There is a window of chance in between now and the end of. the years to monetize and make the most of the value of Guyana's. natural gas resources, President Mohamed Irfaan Ali informed oil. executives throughout a conference in Georgetown in February. We. need to develop our gas now.
UNANSWERED CONCERNS
Critics of the job state there are a great deal of choices yet. to be made and little clearness over the next steps, including who. will operate the power plant and market the gas-liquids such as. propane produced by the associated gas-processing center.
Meanwhile, 2 specialists hired by the federal government for the. task have actually filed for arbitration over costs overruns of $90. million and citizens have actually submitted suits claiming unjust. compensation for land required to build the job.
What rate will Guyana be paying for the unusable or. unused gas? Is the gas sales agreement finished? asked. Elizabeth Hughes, a land owner whose family land was. expropriated for the project. There are so many questions. unanswered, there is no transparency at all.

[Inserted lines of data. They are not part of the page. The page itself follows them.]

(* Let $P$ be a poset, let $\iota:\mathbf{JF}^+_P\to\mathbf{JF}_P$ be the inclusion, let $F_P$ send a frame-generating join-specification $\mathcal{U}$ to $\eta:P\to\mathcal{I}_{\mathcal{U}}$, $p\mapsto p^\downarrow$ (and an inclusion $\mathcal{U}_1\subseteq\mathcal{U}_2$ to the unique frame morphism $\mathcal{I}_{\mathcal{U}_1}\to\mathcal{I}_{\mathcal{U}_2}$ with $p^\downarrow\mapsto p^\downarrow$), let $G_P:\mathbf{JC}_P\to\mathbf{JF}^+_P$ send $e$ to $(\mathcal{U}_e)^-$ (arrows to inclusions), and let $G'_P:\mathbf{Frm}_P\to\mathbf{JF}^+_P$ be the restriction of $G_P$ to $\mathbf{Frm}_P$. Then $F_P\circ\iota\dashv G_P$ (with $F_P\circ\iota$ regarded as a functor $\mathbf{JF}^+_P\to\mathbf{JC}_P$), $F_P\dashv G'_P$ (with $F_P:\mathbf{JF}_P\to\mathbf{Frm}_P$ and $G'_P$ regarded as a functor into $\mathbf{JF}_P$), and $F_P\circ\iota\dashv G'_P$ (with $F_P\circ\iota:\mathbf{JF}^+_P\to\mathbf{Frm}_P$).
   Context: A join-specification for $P$ is a set $\mathcal{U}\subseteq\wp(P)$ such that $\bigvee S$ exists in $P$ for every $S\in\mathcal{U}$ and $\{p\}\in\mathcal{U}$ for every $p\in P$. A $\mathcal{U}$-ideal is a down-closed $C$ with $\bigvee S\in C$ whenever $S\in\mathcal{U}$, $S\subseteq C$; $\mathcal{I}_{\mathcal{U}}$ is the complete lattice of $\mathcal{U}$-ideals; $\Gamma_{\mathcal{U}}(S)$ is the smallest $\mathcal{U}$-ideal containing $S$; $\mathcal{U}^+=\{S:\bigvee S\text{ exists and }\bigvee S\in\Gamma_{\mathcal{U}}(S)\}$; $\mathcal{U}$ is maximal if $\mathcal{U}=\mathcal{U}^+$ and frame-generating if $\mathcal{I}_{\mathcal{U}}$ is a frame. $\mathbf{JF}_P$ (resp. $\mathbf{JF}^+_P$) is the thin category of frame-generating (resp. maximal frame-generating) join-specifications ordered by inclusion. A join-completion of $P$ is an order embedding $e:P\to L$ into a complete lattice with every element of $L$ a join of elements of $e[P]$. $\mathbf{JC}_P$ has join-completions as objects and, as arrows $e_1\to e_2$, completely join-preserving $f:L_1\to L_2$ with $f\circ e_1=e_2$. $\mathbf{Frm}_P$ has as objects join-completions $e:P\to L$ with $L$ a frame, and as arrows $e_1\to e_2$ frame morphisms (lattice homomorphisms preserving arbitrary joins) $f:L_1\to L_2$ with $f\circ e_1=e_2$. For a join-completion $e$, $\mathcal{U}_e=\{S\subseteq P:\bigvee S\text{ exists and }e(\bigvee S)=\bigvee e[S]\}$, and for a join-specification $\mathcal{V}$, $\mathcal{V}^-$ is the largest frame-generating join-specification contained in $\mathcal{V}$ (which exists and, for $\mathcal{V}=\mathcal{U}_e$, is maximal). *)

theory Defs
  imports Main
begin
(* Let $F$ be a continuous, order-preserving, and additively homogeneous self-map of $\mathbb{T}^n$. Then \[ \operatorname{cond}_{\mathbb{R}}(F) = |\underline{\mathrm{cw}}(F)|^{-1} \quad\text{and}\quad \operatorname{cond}(F) = |\overline{\mathrm{cw}}(F)|^{-1}, \] with the conventions $0^{-1}=+\infty$ and $(+\infty)^{-1}=0$.
   Context: $\mathbb{T} = \mathbb{R}\cup\{-\infty\}$ is the tropical (max-plus) semifield. $\mathbb{T}$ carries the topology of the metric $(a,b)\mapsto|e^a-e^b|$, and $\mathbb{T}^n$ carries the product topology. $\mathbb{T}^n$ is ordered entrywise, and $\mathbb{0}\in\mathbb{T}^n$ denotes the vector with all entries $-\infty$. For $\lambda\in\mathbb{T}$ and $x\in\mathbb{T}^n$, $\lambda+x$ is the vector with entries $\lambda+x_i$; for $u\in\mathbb{R}^n$, $u+F$ denotes the map $x\mapsto u+F(x)$ (entrywise addition). A self-map $F$ of $\mathbb{T}^n$ is order-preserving if $x\le y$ implies $F(x)\le F(y)$, and additively homogeneous if $F(\lambda+x)=\lambda+F(x)$ for all $\lambda\in\mathbb{T}$ and $x\in\mathbb{T}^n$. Notation: $y\ll z$ means $y_i<z_i$ for all $i$; $\|u\|_\infty=\max_i|u_i|$. Upper and lower Collatz–Wielandt numbers: $\overline{\mathrm{cw}}(F)=\inf\{\mu\in\mathbb{R}: \exists z\in\mathbb{R}^n,\ F(z)\le \mu+z\}$ and $\underline{\mathrm{cw}}(F)=\sup\{\mu\in\mathbb{R}: \exists z\in\mathbb{R}^n,\ F(z)\ge\mu+z\}$ (with $\inf\emptyset=+\infty$, $\sup\emptyset=-\infty$). Feasibility problems: $\mathscr{P}(F)$ is the problem "does there exist $x\in\mathbb{T}^n$ with $x\ne\mathbb{0}$ and $x\le F(x)$?"; $\mathscr{P}_{\mathbb{R}}(F)$ is the problem "does there exist $x\in\mathbb{R}^n$ with $x\ll F(x)$?". A problem is feasible if such an $x$ exists, infeasible otherwise. Condition numbers: if $\mathscr{P}(F)$ is feasible, $\operatorname{cond}(F)=(\inf\{\|u\|_\infty: u\in\mathbb{R}^n,\ \mathscr{P}(u+F)\text{ infeasible}\})^{-1}$; if $\mathscr{P}(F)$ is infeasible, $\operatorname{cond}(F)=(\inf\{\|u\|_\infty: u\in\mathbb{R}^n,\ \mathscr{P}(u+F)\text{ feasible}\})^{-1}$, with $0^{-1}=+\infty$ and $(+\infty)^{-1}=0$ (infimum of the empty set is $+\infty$). $\operatorname{cond}_{\mathbb{R}}(F)$ is defined identically with $\mathscr{P}$ replaced by $\mathscr{P}_{\mathbb{R}}$. *)

theory Defs
  imports "HOL-Analysis.Analysis"
begin

text \<open>The tropical semifield T = R \<union> {-\<infinity>} is modelled as the subset of ereal
  excluding \<infinity>. Its topology (metric |e^a - e^b|) coincides with the subspace
  topology of ereal.\<close>

definition trop_vecs :: "('n::finite \<Rightarrow> ereal) set" where
  "trop_vecs = {x. \<forall>i. x i \<noteq> \<infinity>}"

definition trop_zero :: "'n::finite \<Rightarrow> ereal" where
  "trop_zero = (\<lambda>i. -\<infinity>)"

definition trop_shift :: "ereal \<Rightarrow> ('n::finite \<Rightarrow> ereal) \<Rightarrow> ('n \<Rightarrow> ereal)" where
  "trop_shift l x = (\<lambda>i. l + x i)"

definition order_preserving :: "(('n::finite \<Rightarrow> ereal) \<Rightarrow> ('n \<Rightarrow> ereal)) \<Rightarrow> bool" where
  "order_preserving F \<longleftrightarrow> (\<forall>x\<in>trop_vecs. \<forall>y\<in>trop_vecs. x \<le> y \<longrightarrow> F x \<le> F y)"

definition additively_homogeneous :: "(('n::finite \<Rightarrow> ereal) \<Rightarrow> ('n \<Rightarrow> ereal)) \<Rightarrow> bool" where
  "additively_homogeneous F \<longleftrightarrow>
     (\<forall>l. l \<noteq> \<infinity> \<longrightarrow> (\<forall>x\<in>trop_vecs. F (trop_shift l x) = trop_shift l (F x)))"

definition pert :: "('n::finite \<Rightarrow> real) \<Rightarrow> (('n \<Rightarrow> ereal) \<Rightarrow> ('n \<Rightarrow> ereal)) \<Rightarrow> (('n \<Rightarrow> ereal) \<Rightarrow> ('n \<Rightarrow> ereal))" where
  "pert u F = (\<lambda>x i. ereal (u i) + F x i)"

definition sup_norm :: "('n::finite \<Rightarrow> real) \<Rightarrow> real" where
  "sup_norm u = Max (range (\<lambda>i. \<bar>u i\<bar>))"

definition upper_cw :: "(('n::finite \<Rightarrow> ereal) \<Rightarrow> ('n \<Rightarrow> ereal)) \<Rightarrow> ereal" where
  "upper_cw F = Inf {ereal \<mu> | \<mu>. \<exists>z::'n \<Rightarrow> real. \<forall>i. F (\<lambda>j. ereal (z j)) i \<le> ereal (\<mu> + z i)}"

definition lower_cw :: "(('n::finite \<Rightarrow> ereal) \<Rightarrow> ('n \<Rightarrow> ereal)) \<Rightarrow> ereal" where
  "lower_cw F = Sup {ereal \<mu> | \<mu>. \<exists>z::'n \<Rightarrow> real. \<forall>i. F (\<lambda>j. ereal (z j)) i \<ge> ereal (\<mu> + z i)}"

definition feasible :: "(('n::finite \<Rightarrow> ereal) \<Rightarrow> ('n \<Rightarrow> ereal)) \<Rightarrow> bool" where
  "feasible F \<longleftrightarrow> (\<exists>x\<in>trop_vecs. x \<noteq> trop_zero \<and> x \<le> F x)"

definition feasible_R :: "(('n::finite \<Rightarrow> ereal) \<Rightarrow> ('n \<Rightarrow> ereal)) \<Rightarrow> bool" where
  "feasible_R F \<longleftrightarrow> (\<exists>x::'n \<Rightarrow> real. \<forall>i. ereal (x i) < F (\<lambda>j. ereal (x j)) i)"

text \<open>Condition number w.r.t. a feasibility predicate; values in [0,\<infinity>] as ereal,
  with inverse 0 = \<infinity>, inverse \<infinity> = 0, Inf {} = \<infinity>.\<close>
definition cond_gen :: "((('n::finite \<Rightarrow> ereal) \<Rightarrow> ('n \<Rightarrow> ereal)) \<Rightarrow> bool)
    \<Rightarrow> (('n \<Rightarrow> ereal) \<Rightarrow> ('n \<Rightarrow> ereal)) \<Rightarrow> ereal" where
  "cond_gen P F =
     (if P F then inverse (Inf {ereal (sup_norm u) | u. \<not> P (pert u F)})
      else inverse (Inf {ereal (sup_norm u) | u. P (pert u F)}))"

definition cond :: "(('n::finite \<Rightarrow> ereal) \<Rightarrow> ('n \<Rightarrow> ereal)) \<Rightarrow> ereal" where
  "cond F = cond_gen feasible F"

definition cond_R :: "(('n::finite \<Rightarrow> ereal) \<Rightarrow> ('n \<Rightarrow> ereal)) \<Rightarrow> ereal" where
  "cond_R F = cond_gen feasible_R F"

end

theory Submission
  imports Defs
begin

Bharrat Jagdeo, Guyana's vice president, informed in. February the project is following its new schedule and will stay. within its original budget plan.
We believe this is absolutely nothing to fret about, Jagdeo stated. It is a two-year job, will take a couple of more months, however not. a year to complete.
Wally David, 66, a retired trolling boat mechanic, smiles. when asked if the federal government he voted for in 2020 will deliver. on its guarantee to develop the gas-to-power job as assured.
I think it will get done sooner or later, he states from his home in. Georgetown, where he grumbles a road construction task. outside his house run by the federal government is behind schedule.
Maybe in three, 4 years, just not now.